* What to work on *
From the records below, copy every line that contains the word "commute".

▽

(* Let $\alpha>0$, let $W$ be a standard Brownian motion on a filtered probability space $(\Omega,\{\mathscr{F}_t\},\mathbb{P})$, and let $X$ solve $dX_t=-\alpha X_t\,dt+dW_t$, $X_0=0$. Let $X^*_t=\sup_{0\le s\le t}|X_s|$. There exists a function $\phi:\mathbb{R}_+\to\mathbb{R}_+$ satisfying $\phi(\delta)\to0$ as $\delta\to0$ such that for any stopping time $\tau$ with respect to $\{\mathscr{F}_t\}$ and any $\delta,\lambda>0$, \[ \mathbb{P}\big(X^*_\tau\ge2\lambda,\ \log^{1/2}(1+\alpha\tau)<\delta\lambda\big)\le\phi(\delta)\,\mathbb{P}\big(X^*_\tau\ge\lambda\big). \] *)

theory Defs
  imports "HOL-Probability.Probability"
begin

text \<open>A standard (one-dimensional) Brownian motion W with respect to a filtration F
  (indexed by [0,\<infinity>], as ennreal, so that stopping times may take the value \<infinity>)
  on the probability space M.\<close>
definition brownian_motion_wrt ::
  "'a measure \<Rightarrow> (ennreal \<Rightarrow> 'a measure) \<Rightarrow> (real \<Rightarrow> 'a \<Rightarrow> real) \<Rightarrow> bool" where
  "brownian_motion_wrt M F W \<longleftrightarrow>
     prob_space M \<and> filtration (space M) F \<and> (\<forall>t. sets (F t) \<subseteq> sets M) \<and>
     (\<forall>\<omega>\<in>space M. W 0 \<omega> = 0) \<and>
     (\<forall>\<omega>\<in>space M. continuous_on {0..} (\<lambda>t. W t \<omega>)) \<and>
     (\<forall>t\<ge>0. W t \<in> borel_measurable (F (ennreal t))) \<and>
     (\<forall>s t. 0 \<le> s \<and> s < t \<longrightarrow>
        distributed M lborel (\<lambda>\<omega>. W t \<omega> - W s \<omega>) (normal_density 0 (sqrt (t - s))) \<and>
        (\<forall>A\<in>sets (F (ennreal s)). \<forall>B\<in>sets borel.
           measure M (A \<inter> ((\<lambda>\<omega>. W t \<omega> - W s \<omega>) -` B \<inter> space M)) =
           measure M A * measure M ((\<lambda>\<omega>. W t \<omega> - W s \<omega>) -` B \<inter> space M)))"
lemma sum_right:
  assumes "\<And>i. i \<in> A \<Longrightarrow> degree (f i) \<le> N" and "degree z \<le> N"
  shows "ip z (sum f A) = (\<Sum>i\<in>A. ip z (f i))"
  using assms
proof (induction A rule: infinite_finite_induct)
  case (insert x F)
  then show ?case using add_right[of "f x" "sum f F" z] by (simp add: degree_sum_le)
qed (simp_all add: zero_right)

lemma quadratic_curve:
  assumes "degree e0 \<le> N" and "degree e1 \<le> N" and "degree e2 \<le> N"
  shows "ip (e0 + smult t e1 + smult (t\<^sup>2) e2) (e0 + smult t e1 + smult (t\<^sup>2) e2) =
    poly [:ip e0 e0, 2 * ip e0 e1, ip e1 e1 + 2 * ip e0 e2, 2 * ip e1 e2, ip e2 e2:] t"
proof -
  define x where "x = e0 + smult t e1 + smult (t\<^sup>2) e2"
  have e: "degree (smult t e1) \<le> N" "degree (smult (t\<^sup>2) e2) \<le> N" "degree (e0 + smult t e1) \<le> N"
    using assms by (auto intro!: degree_smult_leI degree_add_le)
  then have x: "degree x \<le> N" unfolding x_def by (auto intro: degree_add_le)
  have "ip x x = ip e0 x + t * ip e1 x + t\<^sup>2 * ip e2 x"
    using add_left[OF e(3) e(2)] add_left[OF assms(1) e(1)] smult_left assms x
    by (simp add: x_def)
  moreover have "ip z x = ip z e0 + t * ip z e1 + t\<^sup>2 * ip z e2" if "degree z \<le> N" for z
    unfolding x_def using add_right[OF e(3) e(2) that] add_right[OF assms(1) e(1) that]
      smult_right assms that by simp
  moreover have "ip e1 e0 = ip e0 e1" "ip e2 e0 = ip e0 e2" "ip e2 e1 = ip e1 e2"
    using commute assms by auto
  ultimately show ?thesis unfolding x_def[symmetric] using assms
    by (simp add: algebra_simps power2_eq_square power3_eq_cube power4_eq_xxxx)
qed

end

section \<open>Second-order critical points\<close>

definition row_direction :: "nat \<Rightarrow> (nat \<Rightarrow> 'a::zero) \<Rightarrow> nat \<Rightarrow> nat \<Rightarrow> 'a" where
  "row_direction i w = (\<lambda>i' j. if i' = i then w j else 0)"

lemma is_form_matrix_row_direction:
  "(\<And>j. degree (w j) \<le> d) \<Longrightarrow> is_form_matrix d m r (row_direction i w)"
  unfolding is_form_matrix_def row_direction_def is_form_def by auto

locale critical_point = form_inner_product "2 * d + k" ip
  for d k :: nat and ip :: "real poly \<Rightarrow> real poly \<Rightarrow> real" +
  fixes r m :: nat and a :: "nat \<Rightarrow> real poly" and p :: "real poly"
    and u :: "nat \<Rightarrow> nat \<Rightarrow> real poly"
  assumes two_le_r: "2 \<le> r"
    and degree_a: "i < m \<Longrightarrow> degree (a i) \<le> k"
    and degree_p: "degree p \<le> 2 * d + k"
    and degree_u: "i < m \<Longrightarrow> j < r \<Longrightarrow> degree (u i j) \<le> d"
    and gradient_zero:
      "is_form_matrix d m r v \<Longrightarrow> deriv (\<lambda>t. fI ip m r a p (line_pt u v t)) 0 = 0"
    and hessian_psd:
      "is_form_matrix d m r v \<Longrightarrow> 0 \<le> deriv (deriv (\<lambda>t. fI ip m r a p (line_pt u v t))) 0"
begin

definition residual :: "real poly" where
  "residual = (\<Sum>i<m. a i * (\<Sum>j<r. (u i j)\<^sup>2)) - p"

definition residual_linear :: "(nat \<Rightarrow> nat \<Rightarrow> real poly) \<Rightarrow> real poly" where
  "residual_linear v = (\<Sum>i<m. a i * (\<Sum>j<r. smult 2 (u i j * v i j)))"

definition residual_quadratic :: "(nat \<Rightarrow> nat \<Rightarrow> real poly) \<Rightarrow> real poly" where
  "residual_quadratic v = (\<Sum>i<m. a i * (\<Sum>j<r. (v i j)\<^sup>2))"

lemma residual_line:
  "(\<Sum>i<m. a i * (\<Sum>j<r. (line_pt u v t i j)\<^sup>2)) - p =
     residual + smult t (residual_linear v) + smult (t\<^sup>2) (residual_quadratic v)"
proof -
  have "(\<Sum>j<r. (line_pt u v t i j)\<^sup>2) = (\<Sum>j<r. (u i j)\<^sup>2)
      + smult t (\<Sum>j<r. smult 2 (u i j * v i j)) + smult (t\<^sup>2) (\<Sum>j<r. (v i j)\<^sup>2)" for i
    unfolding line_pt_def power2_add_smult by (simp add: sum.distrib smult_sum_right mult.commute)
  then have "a i * (\<Sum>j<r. (line_pt u v t i j)\<^sup>2) = a i * (\<Sum>j<r. (u i j)\<^sup>2)
      + smult t (a i * (\<Sum>j<r. smult 2 (u i j * v i j)))
      + smult (t\<^sup>2) (a i * (\<Sum>j<r. (v i j)\<^sup>2))" for i
    by (simp add: distrib_left)
  then show ?thesis unfolding residual_def residual_linear_def residual_quadratic_def
    by (simp add: sum.distrib smult_sum_right)
qed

△

* Answer area *
    using commute assms by auto
    unfolding line_pt_def power2_add_smult by (simp add: sum.distrib smult_sum_right mult.commute)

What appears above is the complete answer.